When a schedule is provided, the tool:
- Registers a cron job using an internal scheduler.
- Runs the backup action periodically according to the scheduled expression.
- Waits for termination signals (
SIGINT
orSIGTERM
) to gracefully shut down.
Detailed Options
Flag | Description | Default Value |
---|---|---|
--grpc-addr |
gRPC address of the data node. | 127.0.0.1:17912 |
--enable-tls |
Enable TLS for the gRPC connection. | false |
--insecure |
Skip server certificate verification. | false |
--cert |
Path to the gRPC server certificate. | empty |
--dest |
Destination URL for backup data (file:/// , s3:// , azure:// , gs:// ) |
required |
--stream-root-path |
Root directory for the stream catalog snapshots. | /tmp |
--measure-root-path |
Root directory for the measure catalog snapshots. | /tmp |
--property-root-path |
Root directory for the property catalog snapshots. | /tmp |
--time-style |
Directory naming style based on time (daily or hourly ) |
daily |
--schedule |
Schedule expression for periodic backup.
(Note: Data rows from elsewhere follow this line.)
lemma local_right_nonincreasing_imp_le:
  fixes g :: "real \<Rightarrow> real"
  assumes "a \<le> b" "continuous_on {a..b} g"
    and local: "\<And>u. a \<le> u \<Longrightarrow> u < b \<Longrightarrow> eventually (\<lambda>v. g v \<le> g u) (at_right u)"
  shows "g b \<le> g a"
proof -
  define T where "T = {s \<in> {a..b}. g s \<le> g a}"
  have "a \<in> T" "bdd_above T" using assms(1) by (auto simp: T_def intro: bdd_aboveI[of _ b])
  moreover have "closed T"
    unfolding T_def using assms(2) by (intro continuous_on_closed_Collect_le continuous_on_const) auto
  ultimately have "Sup T \<in> T" by (intro closed_contains_Sup) auto
  then have \<sigma>: "a \<le> Sup T" "Sup T \<le> b" "g (Sup T) \<le> g a" by (auto simp: T_def)
  show ?thesis
  proof (cases "Sup T = b")
    case False
    then obtain e where e: "Sup T < e" "\<And>v. Sup T < v \<Longrightarrow> v < e \<Longrightarrow> g v \<le> g (Sup T)"
      using local[of "Sup T"] \<sigma> unfolding eventually_at_right_field by auto
    define w where "w = min ((Sup T + e) / 2) b"
    have "Sup T < w" "w \<le> b" "w < e" using e \<sigma> False by (auto simp: w_def min_def)
    then have "w \<in> T" using e(2)[of w] \<sigma> by (simp add: T_def)
    then have "w \<le> Sup T" using \<open>bdd_above T\<close> by (rule cSup_upper)
    with \<open>Sup T < w\<close> show ?thesis by simp
  qed (use \<sigma> in simp)
qed

lemma local_right_nonincreasing_interior_imp_le:
  fixes g :: "real \<Rightarrow> real"
  assumes "a < b" "continuous_on {a..b} g"
    and local: "\<And>u. a < u \<Longrightarrow> u < b \<Longrightarrow> eventually (\<lambda>v. g v \<le> g u) (at_right u)"
  shows "g b \<le> g a"
proof -
  have "(g \<longlongrightarrow> g a) (at_right a)" using assms by (intro continuous_on_Icc_at_rightD)
  moreover have "eventually (\<lambda>a'. g b \<le> g a') (at_right a)"
    unfolding eventually_at_right_field
  proof (intro exI[of _ b] conjI allI impI)
    fix a' assume "a < a'" "a' < b"
    show "g b \<le> g a'"
    proof (rule local_right_nonincreasing_imp_le[of a' b g])
      show "continuous_on {a'..b} g"
        using assms(2) by (rule continuous_on_subset) (use \<open>a < a'\<close> in auto)
      show "eventually (\<lambda>v. g v \<le> g u) (at_right u)" if "a' \<le> u" "u < b" for u
        using local that \<open>a < a'\<close> by simp
    qed (use \<open>a' < b\<close> in simp)
  qed (rule assms(1))
  ultimately show ?thesis by (rule tendsto_lowerbound) simp
qed

lemma eventually_at_right_Max_le:
  fixes G :: "'p \<Rightarrow> real \<Rightarrow> real"
  assumes P: "finite P" "P \<noteq> {}"
    and cont: "\<And>q. q \<in> P \<Longrightarrow> isCont (G q) u"
    and top: "\<And>q. q \<in> P \<Longrightarrow> G q u = Max ((\<lambda>q. G q u) ` P) \<Longrightarrow>
                eventually (\<lambda>v. G q v \<le> G q u) (at_right u)"
  shows "eventually (\<lambda>v. Max ((\<lambda>q. G q v) ` P) \<le> Max ((\<lambda>q. G q u) ` P)) (at_right u)"
proof -
  have "eventually (\<lambda>v. G q v \<le> Max ((\<lambda>q. G q u) ` P)) (at_right u)" if q: "q \<in> P" for q
  proof (cases "G q u = Max ((\<lambda>q. G q u) ` P)")
    case True
    then show ?thesis using top[OF q True] by simp
  next
    case False
    then have "G q u < Max ((\<lambda>q. G q u) ` P)" using P q by (simp add: order_less_le)
    moreover have "(G q \<longlongrightarrow> G q u) (at_right u)"
      using cont[OF q] unfolding isCont_def by (rule tendsto_mono[rotated]) (simp add: at_le)
    ultimately have "eventually (\<lambda>v. G q v < Max ((\<lambda>q. G q u) ` P)) (at_right u)"
      by (intro order_tendstoD(2))
    then show ?thesis by eventually_elim simp
  qed
  then have "eventually (\<lambda>v. \<forall>q\<in>P. G q v \<le> Max ((\<lambda>q. G q u) ` P)) (at_right u)"
    using P(1) by (simp add: eventually_ball_finite)
  then show ?thesis by eventually_elim (use P in simp)
qed

lemma Max_le_if_deriv_neg_at_Max:
  fixes g g' :: "'p \<Rightarrow> real \<Rightarrow> real"
  assumes P: "finite P" "P \<noteq> {}" and "a < b"
    and cont: "\<And>p. p \<in> P \<Longrightarrow> continuous_on {a..b} (g p)"
    and deriv: "\<And>p u. p \<in> P \<Longrightarrow> u \<in> {a<..<b} \<Longrightarrow> (g p has_real_derivative g' p u) (at u)"
    and neg: "\<And>p u. p \<in> P \<Longrightarrow> u \<in> {a<..<b} \<Longrightarrow> g p u = Max ((\<lambda>q. g q u) ` P) \<Longrightarrow> g' p u < 0"
  shows "Max ((\<lambda>p. g p b) ` P) \<le> Max ((\<lambda>p. g p a) ` P)"
proof (rule local_right_nonincreasing_interior_imp_le[OF \<open>a < b\<close>, where g = "\<lambda>u. Max ((\<lambda>p. g p u) ` P)"])
  show "continuous_on {a..b} (\<lambda>u. Max ((\<lambda>p. g p u) ` P))"
    using P cont by (rule continuous_on_Max_finite)
  fix u assume "a < u" "u < b"
  then have u: "u \<in> {a<..<b}" by simp
  show "eventually (\<lambda>v. Max ((\<lambda>p. g p v) ` P) \<le> Max ((\<lambda>p. g p u) ` P)) (at_right u)"
  proof (rule eventually_at_right_Max_le[OF P])
    fix p assume p: "p \<in> P"
    show "isCont (g p) u" using deriv[OF p u] by (rule DERIV_isCont)
    assume "g p u = Max ((\<lambda>q. g q u) ` P)"
    from DERIV_neg_dec_right[OF deriv[OF p u] neg[OF p u this]] obtain d where
      d: "d > 0" "\<And>h. h > 0 \<Longrightarrow> h < d \<Longrightarrow> g p (u + h) < g p u" by auto
    show "eventually (\<lambda>v. g p v \<le> g p u) (at_right u)"
      unfolding eventually_at_right_field
    proof (intro exI[of _ "u + d"] conjI allI impI)
      fix v assume "u < v" "v < u + d"
      then show "g p v \<le> g p u" using d(2)[of "v - u"] by simp
    qed (use d in simp)
  qed
qed

lemma Max_exp_growth_slack:
  fixes f f' :: "'p \<Rightarrow> real \<Rightarrow> real"
  assumes P: "finite P" "P \<noteq> {}" and "e > 0" and s: "a < s" "s \<le> b"
    and cont: "\<And>p. p \<in> P \<Longrightarrow> continuous_on {a..b} (f p)"
    and deriv: "\<And>p u. p \<in> P \<Longrightarrow> u \<in> {a<..<b} \<Longrightarrow> (f p has_real_derivative f' p u) (at u)"
    and top: "\<And>p u. p \<in> P \<Longrightarrow> u \<in> {a<..<b} \<Longrightarrow> f p u = Max ((\<lambda>q. f q u) ` P) \<Longrightarrow>
                f' p u \<le> c * f p u"
  shows "exp (- c * (s - a)) * Max ((\<lambda>p. f p s) ` P) - e * (s - a) \<le> Max ((\<lambda>p. f p a) ` P)"
proof -
  \<comment> \<open>the slack \<open>e\<close> makes the derivative at a maximal index strictly negative\<close>
  define G where "G p u = exp (- c * (u - a)) * f p u - e * (u - a)" for p u
  have Max_G: "Max ((\<lambda>p. G p u) ` P) = exp (- c * (u - a)) * Max ((\<lambda>p. f p u) ` P) - e * (u - a)" for u
  proof -
    have "mono (\<lambda>y. exp (- c * (u - a)) * y - e * (u - a))" by (auto intro: monoI)
    from mono_Max_commute[OF this, of "(\<lambda>p. f p u) ` P"] P show ?thesis
      by (simp add: G_def image_image)
  qed
  have "Max ((\<lambda>p. G p s) ` P) \<le> Max ((\<lambda>p. G p a) ` P)"
  proof (rule Max_le_if_deriv_neg_at_Max[OF P \<open>a < s\<close>])
    show "continuous_on {a..s} (G p)" if "p \<in> P" for p
    proof -
      have "continuous_on {a..s} (f p)"
        using cont[OF that] by (rule continuous_on_subset) (use s in auto)
      then show ?thesis unfolding G_def by (intro continuous_intros)
    qed
    show "(G p has_real_derivative exp (- c * (u - a)) * (f' p u - c * f p u) - e) (at u)"
      if "p \<in> P" "u \<in> {a<..<s}" for p u
      unfolding G_def using deriv[OF that(1)] that(2) s
      by (auto intro!: derivative_eq_intros simp: algebra_simps)
    fix p u assume p: "p \<in> P" and u: "u \<in> {a<..<s}" and "G p u = Max ((\<lambda>q. G q u) ` P)"
    then have "f p u = Max ((\<lambda>q. f q u) ` P)" unfolding Max_G by (simp add: G_def)
    then have "f' p u \<le> c * f p u" using top[OF p] u s by simp
    then have "exp (- c * (u - a)) * (f' p u - c * f p u) \<le> 0"
      by (intro mult_nonneg_nonpos) auto
    then show "exp (- c * (u - a)) * (f' p u - c * f p u) - e < 0"
      using \<open>e > 0\<close> by linarith
  qed
  then show ?thesis unfolding Max_G by simp
qed
(* For each $n\ge 4$, there exist connected graphs $G_1,G_2,G_3$, each of order $n$, such that $O_{\rm SR}(G_1)=\mathcal{M}$, $O_{\rm SR}(G_2)=\mathcal{N}$ and $O_{\rm SR}(G_3)=\mathcal{B}$.
   Context: All graphs are finite, simple and undirected. A set $S\subseteq V(G)$ is a strong resolving set of a connected graph $G$ if for all distinct $x,y\in V(G)$ there exists $z\in S$ such that $x$ lies on a $y$–$z$ geodesic or $y$ lies on an $x$–$z$ geodesic. The Maker–Breaker strong resolving game on $G$: Maker and Breaker alternately select a not-yet-chosen vertex of $G$; Maker wins if the vertices he selects contain a strong resolving set of $G$, Breaker wins otherwise. In the M-game Maker moves first, in the B-game Breaker moves first. $O_{\rm SR}(G)=\mathcal{M}$ if Maker has a winning strategy in both games, $\mathcal{B}$ if Breaker has a winning strategy in both, and $\mathcal{N}$ if the first player has a winning strategy in each. *)

theory Defs
  imports Main
begin

definition simple_graph :: "'a set \<Rightarrow> ('a \<Rightarrow> 'a \<Rightarrow> bool) \<Rightarrow> bool" where
  "simple_graph V E \<longleftrightarrow> finite V \<and> (\<forall>x y. E x y \<longrightarrow> x \<in> V \<and> y \<in> V)
     \<and> (\<forall>x y. E x y \<longrightarrow> E y x) \<and> (\<forall>x. \<not> E x x)"

definition walk :: "'a set \<Rightarrow> ('a \<Rightarrow> 'a \<Rightarrow> bool) \<Rightarrow> 'a list \<Rightarrow> bool" where
  "walk V E xs \<longleftrightarrow> xs \<noteq> [] \<and> set xs \<subseteq> V \<and> successively E xs"

definition walk_betw :: "'a set \<Rightarrow> ('a \<Rightarrow> 'a \<Rightarrow> bool) \<Rightarrow> 'a \<Rightarrow> 'a \<Rightarrow> 'a list \<Rightarrow> bool" where
  "walk_betw V E x y xs \<longleftrightarrow> walk V E xs \<and> hd xs = x \<and> last xs = y"
(* Consider two predator species $i=1,2$, each feeding on the same prey population according to the model described in the context, with quantities for predator $i$ carrying subscript $i$ ($\psi_i$, $\tilde A_{i,t}$, $\tilde X_{i,t}$, $Y_{i,t}$). Suppose Assumptions (A) and (B) hold (for each predator), that $\mathbb{E}(X_t)\propto t$ for all $t\ge0$, and that for all $t\ge0$, $\tilde A_{1,t}\le_{lr}\tilde A_{2,t}$ and \[ \mathbb{E}(\tilde{A}_{1,t})\, \psi_{1}(t) = \mathbb{E}(\tilde{A}_{2,t})\, \psi_{2}(t). \] Then $\psi_1(t)\ge\psi_2(t)$ and \[ \frac{\mathrm{var}(Y_{1,t})}{\mathbb{E}(Y_{1,t})} \leq \frac{\mathrm{var}(Y_{2,t})}{\mathbb{E}(Y_{2,t})} \] for all $t\ge0$.
   Context: Model. The parasite burden of a prey aged $t\ge 0$ is $X_t$, where $(X_t)_{t\ge0}$ is a non-decreasing integer-valued stochastic process with $X_0=0$ (moments assumed finite, denominators positive). Prey ages have probability density $f_A$ on $[0,\infty)$. Predator $i$ encounters random prey at the times of a non-homogeneous Poisson process with intensity $\phi_i$; a predator $i$ aged $t$ consumes an encountered prey aged $u$ with probability $p_i(u,t)$. The consumption times form a Poisson process with intensity $\psi_i(t)=\phi_i(t)\int_0^\infty p_i(u,t)f_A(u)\,du$. The age $\tilde A_{i,t}$ of a prey consumed by predator $i$ aged $t$ has density $p_i(a,t)f_A(a)/\int_0^\infty p_i(u,t)f_A(u)\,du$, and $\tilde X_{i,t}=X_{\tilde A_{i,t}}$ (with $\tilde A_{i,t}$ independent of $X$). Consumed prey transfer all parasites, contributions being independent; the burden $Y_{i,t}$ of predator $i$ at age $t$ ($Y_{i,0}=0$) is the sum over consumption times $s\le t$ of independent copies of $\tilde X_{i,s}$, so $\mathbb{E}(Y_{i,t})=\int_0^t\mathbb{E}(\tilde X_{i,s})\psi_i(s)ds$, $\mathrm{var}(Y_{i,t})=\int_0^t\mathbb{E}(\tilde X_{i,s}^2)\psi_i(s)ds$. Likelihood ratio order: for random variables $U,V$ (both discrete or both continuous) with mass/density functions $p_U,p_V$, $U\le_{lr}V$ means $p_V(w)/p_U(w)$ is non-decreasing in $w$ over the union of the supports. Assumption (A): for all $0\le s\le t$, $X_s\le_{lr}X_t$. Assumption (B) (for predator $i$): for all $0\le s<t$, $p_i(u,t)/p_i(u,s)$ is non-decreasing in $u$. *)

theory Defs
  imports "HOL-Probability.Probability"
begin

(* Ratio  pV w / pU w  (computed in ennreal, so that c/0 = \<infinity> for c > 0)
   is non-decreasing in w over S intersected with the union of the supports. *)
definition ratio_nondec :: "'b::linorder set \<Rightarrow> ('b \<Rightarrow> real) \<Rightarrow> ('b \<Rightarrow> real) \<Rightarrow> bool" where
  "ratio_nondec S pU pV \<longleftrightarrow>
     (\<forall>w1\<in>S. \<forall>w2\<in>S. w1 \<le> w2 \<longrightarrow> (pU w1 \<noteq> 0 \<or> pV w1 \<noteq> 0) \<longrightarrow> (pU w2 \<noteq> 0 \<or> pV w2 \<noteq> 0) \<longrightarrow>
        ennreal (pV w1) / ennreal (pU w1) \<le> ennreal (pV w2) / ennreal (pU w2))"

definition lr_le :: "('b::linorder \<Rightarrow> real) \<Rightarrow> ('b \<Rightarrow> real) \<Rightarrow> bool" where
  "lr_le pU pV \<longleftrightarrow> ratio_nondec UNIV pU pV"

definition pmf_X :: "'a measure \<Rightarrow> (real \<Rightarrow> 'a \<Rightarrow> int) \<Rightarrow> real \<Rightarrow> int \<Rightarrow> real" where
  "pmf_X M X t k = measure M {\<omega> \<in> space M. X t \<omega> = k}"

definition mom1 :: "'a measure \<Rightarrow> (real \<Rightarrow> 'a \<Rightarrow> int) \<Rightarrow> real \<Rightarrow> real" where
  "mom1 M X t = (\<integral>\<omega>. real_of_int (X t \<omega>) \<partial>M)"

definition mom2 :: "'a measure \<Rightarrow> (real \<Rightarrow> 'a \<Rightarrow> int) \<Rightarrow> real \<Rightarrow> real" where
  "mom2 M X t = (\<integral>\<omega>. (real_of_int (X t \<omega>))^2 \<partial>M)"

definition norm_const :: "(real \<Rightarrow> real) \<Rightarrow> (real \<Rightarrow> real \<Rightarrow> real) \<Rightarrow> real \<Rightarrow> real" where
  "norm_const fA p t = (LINT u:{0..}|lborel. p u t * fA u)"

definition psi :: "(real \<Rightarrow> real) \<Rightarrow> (real \<Rightarrow> real \<Rightarrow> real) \<Rightarrow> (real \<Rightarrow> real) \<Rightarrow> real \<Rightarrow> real" where
  "psi fA p phi t = phi t * norm_const fA p t"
Options: @yearly , @monthly , @weekly , @daily , @hourly , @every <duration> |
empty |
--logging-level |
Root logging level (debug , info , warn , error ) |
info |
--logging-env |
Logging environment (dev or prod ) |
prod |
AWS S3 specific | ||
--s3-profile |
AWS profile name | empty |
--s3-config-file |
Path to the AWS config file | empty |
--s3-credential-file |
Path to the AWS credential file | empty |
--s3-storage-class |
AWS S3 storage class for uploaded objects | empty |
--s3-checksum-algorithm |
Checksum algorithm when uploading to S3 | empty |
Azure Blob specific | ||
--azure-account-name |
Azure storage account name | empty |
--azure-account-key |
Azure storage account key | empty |
--azure-sas-token |
Azure SAS token (alternative to account key) | empty |
--azure-endpoint |
Azure blob service endpoint | empty |
Google Cloud Storage specific | ||
--gcp-service-account-file |
Path to the GCP service account JSON file | empty |
This guide should provide you with the necessary steps and information to effectively use the backup tool for your data backup operations.